Tuesday, May 12, 2009

Lab 1

For my first day at St. Mary’s, my lab group played a game with the kids called Zanny Zoo. The kids seemed to really enjoy this game, as it kept all the kids active and leaning while we observed there motor skills. After missing my first lab class due to illness this was my first taste of working with the students at St. Mary’s. As this was my first time ever really interacting with a group of children that young, I made many observations. The differences in motor behavior and social skills I believe depended on age and gender. I could definitely tell a difference in motor development in age and a smaller difference in gender. Gender seemed to play less of a role the younger the students were. The oldest students had the biggest gap between motor development among genders. For example, many of the older boys could shoot a basketball with better technique and from a greater distance then their female counterparts. That also was true for age though, as the younger students couldn’t shoot a basketball as well as the older students. Ability in motor behavior naturally increased as the student’s grade levels increased.

I definitely saw differences in social skills between grade levels but not as much difference in gender. I felt that the younger students were more outgoing and would say whatever was on their minds. The older students were a bit quieter, less outgoing but were still fairly sociable. The younger children seemed more touchy and clingy. For example, when reading the younger children a book they would tend to cling to or get really close to the reader. The older students didn’t as much want to listen to directions, they just wanted to play. As for gender I didn’t notice any significant differences in social skills.

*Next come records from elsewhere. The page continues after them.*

text \<open>If no point of the open arc from \<open>a\<close> to \<open>b\<close> were related to \<open>a\<close>,
  every point of it would be spanned by a leaf. Take the chord spanning the middle of the arc whose
  first endpoint is closest to \<open>a\<close>: if that endpoint is \<open>a\<close>, the chord is a leaf from \<open>a\<close> into the arc;
  otherwise a leaf spanning that endpoint contains the chord and starts even closer to \<open>a\<close>.\<close>
lemma uncrossed_rel_point_on_arc:
  assumes ab: "(a, b) \<in> uncrossed_rel \<Lambda>" "a \<noteq> b" "(a, b) \<notin> \<Lambda>"
  obtains c where "(a, c) \<in> uncrossed_rel \<Lambda>" "0 < Arg2pi (c / a)" "Arg2pi (c / a) < Arg2pi (b / a)"
proof (rule ccontr)
  note found = that
  assume "\<not> thesis"
  define \<beta> where "\<beta> = Arg2pi (b / a)"
  have a: "a \<in> S1" and "b \<in> S1"
    using ab by (auto simp: uncrossed_rel_def)
  have \<beta>: "0 < \<beta>" "\<beta> < 2*pi"
    using Arg2pi_divide_pos[OF a \<open>b \<in> S1\<close> ab(2)] Arg2pi_lt_2pi by (auto simp: \<beta>_def)
  have not_rel: "(a, a * cis t) \<notin> uncrossed_rel \<Lambda>" if "0 < t" "t < \<beta>" for t
    using found[of "a * cis t"] \<open>\<not> thesis\<close> that Arg2pi_mult_cis_divide[OF a, of t] \<beta> unfolding \<beta>_def by auto
  have spanning: "\<exists>u v. (u, v) \<in> \<Lambda> \<and> Arg2pi (u / a) < t \<and> t < Arg2pi (v / a) \<and> Arg2pi (v / a) \<le> \<beta>"
    if "0 < t" "t < \<beta>" for t
    using leaf_spanning_arg[OF ab(1) that(1) _ not_rel[OF that]] that(2) unfolding \<beta>_def by metis
  define t0 where "t0 = \<beta> / 2"
  have "0 < t0" "t0 < \<beta>"
    using \<beta> by (auto simp: t0_def)
  then obtain s t where st: "0 \<le> s" "s \<le> t0" "t0 \<le> t" "t \<le> \<beta>"
    and leaf_st: "s \<noteq> t \<Longrightarrow> (a * cis s, a * cis t) \<in> \<Lambda>"
    and least: "\<And>u v. (u, v) \<in> \<Lambda> \<Longrightarrow> Arg2pi (u / a) < s \<Longrightarrow> t0 \<le> Arg2pi (v / a) \<Longrightarrow> Arg2pi (v / a) \<le> \<beta> \<Longrightarrow> False"
    using spanning[of t0] leftmost_spanning_chord[OF a _ _ \<beta>(2)] by (metis less_imp_le)
  show False
  proof (cases "s = 0")
    case True
    then have leaf: "(a, a * cis t) \<in> \<Lambda>"
      using leaf_st st \<open>0 < t0\<close> by simp
    have "t \<noteq> \<beta>"
      using leaf mult_cis_Arg2pi_divide[OF a \<open>b \<in> S1\<close>] ab(3) by (auto simp: \<beta>_def)
    then show False
      using not_rel[of t] leaf_in_uncrossed_rel[OF leaf] st \<open>0 < t0\<close> by auto
  next
    case False
    then obtain u' v' where uv': "(u', v') \<in> \<Lambda>" "Arg2pi (u' / a) < s" "s < Arg2pi (v' / a)" "Arg2pi (v' / a) \<le> \<beta>"
      using spanning[of s] st \<open>t0 < \<beta>\<close> by auto
    have "t0 \<le> Arg2pi (v' / a)"
    proof (cases "s = t")
      case False
      then have "t \<le> Arg2pi (v' / a)"
        using leaves_nested_args[OF a leaf_st[OF False] uv'(1)] uv'(2,3) st \<beta>
          Arg2pi_mult_cis_divide[OF a, of s] Arg2pi_mult_cis_divide[OF a, of t] by simp
      then show ?thesis
        using st by simp
    qed (use st uv' in simp)
    then show False
      using least[OF uv'(1,2)] uv'(4) by blast
  qed
qed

Overall, I believe that grade level, gender, and ability all have an influence on motor behavior. Some of the fine motor activities I observed when watching the St. Mary’s students were playing games like Jenga, Connect 4, and checkers. They also played with Lego’s, put puzzle pieces together and played with Mr. and Mrs. Potato Head. When the kids were eating there snacks many would play with it or dip it in their drink before eating. Most students had descent fine motor skills. The only difference I noticed between age and gender where the difference in fine motor activities each chose to participate in and the level at which each performed their fine motor activities.